> [What you will do]: Look through the data that follows and copy each line with the string "unfolding".

[Dataset entries]
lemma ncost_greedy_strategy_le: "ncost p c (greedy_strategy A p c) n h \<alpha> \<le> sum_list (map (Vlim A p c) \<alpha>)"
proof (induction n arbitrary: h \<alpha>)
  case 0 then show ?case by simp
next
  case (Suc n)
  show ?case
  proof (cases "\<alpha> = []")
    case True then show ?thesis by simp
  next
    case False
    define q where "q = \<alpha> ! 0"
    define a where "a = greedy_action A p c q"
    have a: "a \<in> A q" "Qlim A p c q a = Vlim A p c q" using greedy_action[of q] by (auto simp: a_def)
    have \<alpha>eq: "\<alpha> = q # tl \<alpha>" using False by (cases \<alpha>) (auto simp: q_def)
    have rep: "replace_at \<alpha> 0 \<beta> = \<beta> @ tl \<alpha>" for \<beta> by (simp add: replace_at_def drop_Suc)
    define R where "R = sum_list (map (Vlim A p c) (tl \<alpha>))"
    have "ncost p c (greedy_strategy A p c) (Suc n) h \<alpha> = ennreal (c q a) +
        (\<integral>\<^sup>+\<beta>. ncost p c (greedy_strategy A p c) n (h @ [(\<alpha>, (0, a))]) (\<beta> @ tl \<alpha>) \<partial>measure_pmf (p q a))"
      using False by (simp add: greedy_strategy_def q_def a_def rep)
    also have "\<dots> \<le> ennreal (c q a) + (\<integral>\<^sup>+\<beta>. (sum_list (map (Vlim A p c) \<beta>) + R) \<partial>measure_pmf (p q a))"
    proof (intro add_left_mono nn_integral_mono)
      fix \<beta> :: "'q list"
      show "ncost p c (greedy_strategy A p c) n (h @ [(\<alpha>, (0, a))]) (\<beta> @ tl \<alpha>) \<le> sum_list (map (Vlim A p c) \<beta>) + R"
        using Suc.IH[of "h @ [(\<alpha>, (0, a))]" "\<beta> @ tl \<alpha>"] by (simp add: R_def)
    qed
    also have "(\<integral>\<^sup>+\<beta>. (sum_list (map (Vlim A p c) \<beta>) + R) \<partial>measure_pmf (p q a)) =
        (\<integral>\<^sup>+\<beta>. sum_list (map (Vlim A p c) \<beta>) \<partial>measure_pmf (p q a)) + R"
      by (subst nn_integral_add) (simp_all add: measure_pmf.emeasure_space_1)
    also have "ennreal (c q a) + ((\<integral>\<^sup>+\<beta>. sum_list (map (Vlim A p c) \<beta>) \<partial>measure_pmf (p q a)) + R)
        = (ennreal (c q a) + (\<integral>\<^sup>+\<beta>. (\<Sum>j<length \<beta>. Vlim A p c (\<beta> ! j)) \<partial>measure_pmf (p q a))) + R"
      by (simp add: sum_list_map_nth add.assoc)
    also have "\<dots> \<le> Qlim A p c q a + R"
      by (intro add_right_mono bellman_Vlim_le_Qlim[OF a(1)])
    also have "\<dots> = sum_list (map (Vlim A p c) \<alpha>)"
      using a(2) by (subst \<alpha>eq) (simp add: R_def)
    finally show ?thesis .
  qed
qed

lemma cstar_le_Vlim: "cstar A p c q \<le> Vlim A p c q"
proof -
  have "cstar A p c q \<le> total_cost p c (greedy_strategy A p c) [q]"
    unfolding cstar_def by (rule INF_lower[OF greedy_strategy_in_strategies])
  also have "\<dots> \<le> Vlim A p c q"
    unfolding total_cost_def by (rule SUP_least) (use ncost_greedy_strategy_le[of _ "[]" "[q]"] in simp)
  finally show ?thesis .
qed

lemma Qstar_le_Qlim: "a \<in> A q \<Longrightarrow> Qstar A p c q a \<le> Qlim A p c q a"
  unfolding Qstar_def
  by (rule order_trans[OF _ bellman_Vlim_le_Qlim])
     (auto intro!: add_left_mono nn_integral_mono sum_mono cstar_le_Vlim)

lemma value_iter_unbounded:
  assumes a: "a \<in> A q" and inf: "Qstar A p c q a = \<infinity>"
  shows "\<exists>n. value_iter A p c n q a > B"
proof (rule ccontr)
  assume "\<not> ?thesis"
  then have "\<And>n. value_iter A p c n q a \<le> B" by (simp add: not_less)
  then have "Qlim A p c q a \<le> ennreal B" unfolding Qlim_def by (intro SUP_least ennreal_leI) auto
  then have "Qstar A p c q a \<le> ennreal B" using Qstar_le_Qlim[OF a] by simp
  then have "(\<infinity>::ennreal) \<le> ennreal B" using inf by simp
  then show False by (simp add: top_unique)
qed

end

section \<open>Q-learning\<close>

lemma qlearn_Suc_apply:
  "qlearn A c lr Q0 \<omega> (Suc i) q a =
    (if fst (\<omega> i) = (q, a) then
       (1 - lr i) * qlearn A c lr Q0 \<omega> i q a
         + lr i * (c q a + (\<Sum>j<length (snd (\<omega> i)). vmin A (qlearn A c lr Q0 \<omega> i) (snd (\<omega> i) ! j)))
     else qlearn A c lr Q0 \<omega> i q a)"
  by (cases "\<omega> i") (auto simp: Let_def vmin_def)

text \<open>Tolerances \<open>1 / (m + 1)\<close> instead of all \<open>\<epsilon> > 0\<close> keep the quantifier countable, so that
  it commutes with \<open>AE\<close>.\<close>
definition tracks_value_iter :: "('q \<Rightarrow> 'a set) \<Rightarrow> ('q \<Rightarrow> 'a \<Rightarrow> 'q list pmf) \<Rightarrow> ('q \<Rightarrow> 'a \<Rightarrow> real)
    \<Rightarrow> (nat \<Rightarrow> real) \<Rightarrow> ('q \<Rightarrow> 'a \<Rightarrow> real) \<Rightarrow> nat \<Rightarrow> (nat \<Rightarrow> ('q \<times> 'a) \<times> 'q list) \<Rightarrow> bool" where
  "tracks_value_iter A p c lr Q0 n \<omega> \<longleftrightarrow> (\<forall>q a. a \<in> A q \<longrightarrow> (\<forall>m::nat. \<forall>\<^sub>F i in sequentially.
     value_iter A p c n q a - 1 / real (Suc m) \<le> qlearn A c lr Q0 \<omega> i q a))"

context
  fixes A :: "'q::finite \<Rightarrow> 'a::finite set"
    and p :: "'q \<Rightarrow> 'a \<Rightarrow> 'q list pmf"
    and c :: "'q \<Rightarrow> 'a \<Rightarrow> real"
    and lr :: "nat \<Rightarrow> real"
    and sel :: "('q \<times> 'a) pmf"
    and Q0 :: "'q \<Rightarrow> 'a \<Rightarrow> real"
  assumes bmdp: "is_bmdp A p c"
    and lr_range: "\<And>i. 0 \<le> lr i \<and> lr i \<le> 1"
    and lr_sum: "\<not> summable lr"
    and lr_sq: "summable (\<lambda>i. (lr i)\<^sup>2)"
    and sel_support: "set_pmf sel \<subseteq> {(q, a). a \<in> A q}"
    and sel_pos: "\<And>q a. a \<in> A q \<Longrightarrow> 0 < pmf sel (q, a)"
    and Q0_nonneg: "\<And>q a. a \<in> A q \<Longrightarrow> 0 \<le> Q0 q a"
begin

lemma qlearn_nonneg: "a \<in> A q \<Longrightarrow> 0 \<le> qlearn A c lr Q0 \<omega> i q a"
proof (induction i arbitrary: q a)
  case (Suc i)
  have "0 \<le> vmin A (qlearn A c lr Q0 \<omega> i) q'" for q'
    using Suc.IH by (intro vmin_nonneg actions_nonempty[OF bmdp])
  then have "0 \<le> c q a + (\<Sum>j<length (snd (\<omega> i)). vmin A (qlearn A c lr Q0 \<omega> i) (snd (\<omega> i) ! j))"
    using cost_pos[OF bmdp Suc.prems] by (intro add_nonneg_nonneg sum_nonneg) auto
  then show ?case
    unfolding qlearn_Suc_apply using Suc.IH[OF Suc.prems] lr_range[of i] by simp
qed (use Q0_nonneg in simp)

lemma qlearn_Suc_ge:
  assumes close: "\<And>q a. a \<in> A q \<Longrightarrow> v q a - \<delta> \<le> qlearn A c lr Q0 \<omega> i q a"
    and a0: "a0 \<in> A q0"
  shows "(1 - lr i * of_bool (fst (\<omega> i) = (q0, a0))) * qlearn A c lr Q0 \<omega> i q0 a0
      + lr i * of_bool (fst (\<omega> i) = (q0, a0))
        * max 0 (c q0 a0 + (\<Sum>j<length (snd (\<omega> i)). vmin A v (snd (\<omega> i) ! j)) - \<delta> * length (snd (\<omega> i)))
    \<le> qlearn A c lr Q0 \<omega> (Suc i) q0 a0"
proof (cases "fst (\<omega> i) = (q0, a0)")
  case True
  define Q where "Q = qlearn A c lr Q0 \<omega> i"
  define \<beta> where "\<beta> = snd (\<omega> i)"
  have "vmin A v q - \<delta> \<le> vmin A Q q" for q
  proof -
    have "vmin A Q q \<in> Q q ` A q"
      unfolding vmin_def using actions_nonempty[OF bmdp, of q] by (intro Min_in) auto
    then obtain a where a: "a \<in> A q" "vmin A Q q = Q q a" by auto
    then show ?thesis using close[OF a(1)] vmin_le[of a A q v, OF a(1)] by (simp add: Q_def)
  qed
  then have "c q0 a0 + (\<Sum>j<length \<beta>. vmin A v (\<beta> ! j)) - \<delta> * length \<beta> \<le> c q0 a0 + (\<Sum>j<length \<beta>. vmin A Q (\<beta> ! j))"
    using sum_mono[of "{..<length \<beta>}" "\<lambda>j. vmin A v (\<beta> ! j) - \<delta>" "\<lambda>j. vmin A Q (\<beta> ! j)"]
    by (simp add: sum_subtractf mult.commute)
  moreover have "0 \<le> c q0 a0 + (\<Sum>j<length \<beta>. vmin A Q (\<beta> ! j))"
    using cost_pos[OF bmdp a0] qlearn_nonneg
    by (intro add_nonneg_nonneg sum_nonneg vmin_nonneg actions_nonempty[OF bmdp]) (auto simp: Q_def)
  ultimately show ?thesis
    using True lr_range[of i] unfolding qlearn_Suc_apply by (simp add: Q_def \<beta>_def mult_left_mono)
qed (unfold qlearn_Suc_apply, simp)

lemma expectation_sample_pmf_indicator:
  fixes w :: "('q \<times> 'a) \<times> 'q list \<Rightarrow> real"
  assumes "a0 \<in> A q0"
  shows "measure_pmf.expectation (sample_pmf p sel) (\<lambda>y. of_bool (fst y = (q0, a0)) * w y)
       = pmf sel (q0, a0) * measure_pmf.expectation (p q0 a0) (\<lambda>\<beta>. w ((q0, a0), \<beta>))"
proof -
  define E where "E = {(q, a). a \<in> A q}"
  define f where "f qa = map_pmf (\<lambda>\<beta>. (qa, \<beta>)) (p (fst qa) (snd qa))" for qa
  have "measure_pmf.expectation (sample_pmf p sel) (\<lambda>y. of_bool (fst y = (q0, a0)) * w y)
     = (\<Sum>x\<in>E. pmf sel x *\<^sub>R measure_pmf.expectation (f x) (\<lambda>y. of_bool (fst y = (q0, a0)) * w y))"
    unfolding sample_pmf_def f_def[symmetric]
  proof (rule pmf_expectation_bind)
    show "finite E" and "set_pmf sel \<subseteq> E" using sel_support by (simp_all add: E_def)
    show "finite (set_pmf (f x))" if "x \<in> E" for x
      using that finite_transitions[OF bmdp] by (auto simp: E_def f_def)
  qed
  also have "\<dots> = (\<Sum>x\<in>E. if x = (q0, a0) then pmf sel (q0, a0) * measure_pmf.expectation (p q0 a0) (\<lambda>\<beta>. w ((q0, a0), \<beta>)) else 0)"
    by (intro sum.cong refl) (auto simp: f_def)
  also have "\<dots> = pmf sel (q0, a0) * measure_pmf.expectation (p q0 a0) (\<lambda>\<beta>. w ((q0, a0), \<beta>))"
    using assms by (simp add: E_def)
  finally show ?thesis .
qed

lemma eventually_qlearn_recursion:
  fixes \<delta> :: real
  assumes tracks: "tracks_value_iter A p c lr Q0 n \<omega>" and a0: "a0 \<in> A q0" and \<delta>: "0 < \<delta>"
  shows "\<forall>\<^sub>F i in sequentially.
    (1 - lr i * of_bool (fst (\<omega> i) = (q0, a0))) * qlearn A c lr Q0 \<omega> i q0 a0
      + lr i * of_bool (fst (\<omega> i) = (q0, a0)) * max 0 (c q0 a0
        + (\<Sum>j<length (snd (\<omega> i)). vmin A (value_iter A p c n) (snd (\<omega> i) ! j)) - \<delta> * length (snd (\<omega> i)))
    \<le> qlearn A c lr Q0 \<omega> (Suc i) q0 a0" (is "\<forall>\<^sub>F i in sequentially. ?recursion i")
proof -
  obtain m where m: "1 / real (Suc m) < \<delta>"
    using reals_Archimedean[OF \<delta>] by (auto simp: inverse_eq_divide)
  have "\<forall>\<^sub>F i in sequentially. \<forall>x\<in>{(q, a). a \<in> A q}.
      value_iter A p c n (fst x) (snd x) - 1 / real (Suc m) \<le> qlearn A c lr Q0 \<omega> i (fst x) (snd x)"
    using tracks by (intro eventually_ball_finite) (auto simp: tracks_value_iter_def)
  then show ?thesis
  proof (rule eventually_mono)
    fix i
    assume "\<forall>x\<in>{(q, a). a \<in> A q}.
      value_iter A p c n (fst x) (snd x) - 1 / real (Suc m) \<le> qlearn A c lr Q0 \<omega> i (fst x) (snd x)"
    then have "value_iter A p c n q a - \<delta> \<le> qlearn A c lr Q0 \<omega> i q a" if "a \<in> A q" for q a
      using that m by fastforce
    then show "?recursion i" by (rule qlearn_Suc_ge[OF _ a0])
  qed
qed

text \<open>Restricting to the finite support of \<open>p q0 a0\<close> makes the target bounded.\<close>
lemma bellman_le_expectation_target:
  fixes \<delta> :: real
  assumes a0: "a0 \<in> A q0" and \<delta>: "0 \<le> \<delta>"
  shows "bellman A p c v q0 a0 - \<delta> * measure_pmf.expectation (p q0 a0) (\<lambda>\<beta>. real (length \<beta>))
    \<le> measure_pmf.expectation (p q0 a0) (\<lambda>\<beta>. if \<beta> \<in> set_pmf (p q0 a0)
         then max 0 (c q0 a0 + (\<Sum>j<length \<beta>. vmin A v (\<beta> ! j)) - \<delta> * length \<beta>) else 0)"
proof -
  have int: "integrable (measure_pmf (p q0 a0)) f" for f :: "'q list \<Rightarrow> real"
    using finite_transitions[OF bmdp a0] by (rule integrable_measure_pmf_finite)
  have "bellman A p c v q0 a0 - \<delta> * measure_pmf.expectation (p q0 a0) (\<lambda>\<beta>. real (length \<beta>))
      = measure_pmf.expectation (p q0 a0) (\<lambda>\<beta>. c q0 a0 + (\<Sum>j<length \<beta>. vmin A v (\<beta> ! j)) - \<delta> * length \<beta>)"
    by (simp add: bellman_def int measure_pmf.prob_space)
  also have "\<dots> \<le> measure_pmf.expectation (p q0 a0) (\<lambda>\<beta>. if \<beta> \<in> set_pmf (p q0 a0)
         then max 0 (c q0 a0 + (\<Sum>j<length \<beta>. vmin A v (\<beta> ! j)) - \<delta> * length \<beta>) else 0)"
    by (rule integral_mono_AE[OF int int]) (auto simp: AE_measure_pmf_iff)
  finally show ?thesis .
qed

> [Response for this exercise]:
    unfolding cstar_def by (rule INF_lower[OF greedy_strategy_in_strategies])
    unfolding total_cost_def by (rule SUP_least) (use ncost_greedy_strategy_le[of _ "[]" "[q]"] in simp)
  unfolding Qstar_def
  then have "Qlim A p c q a \<le> ennreal B" unfolding Qlim_def by (intro SUP_least ennreal_leI) auto
    unfolding qlearn_Suc_apply using Suc.IH[OF Suc.prems] lr_range[of i] by simp
      unfolding vmin_def using actions_nonempty[OF bmdp, of q] by (intro Min_in) auto
    using True lr_range[of i] unfolding qlearn_Suc_apply by (simp add: Q_def \<beta>_def mult_left_mono)
    unfolding sample_pmf_def f_def[symmetric]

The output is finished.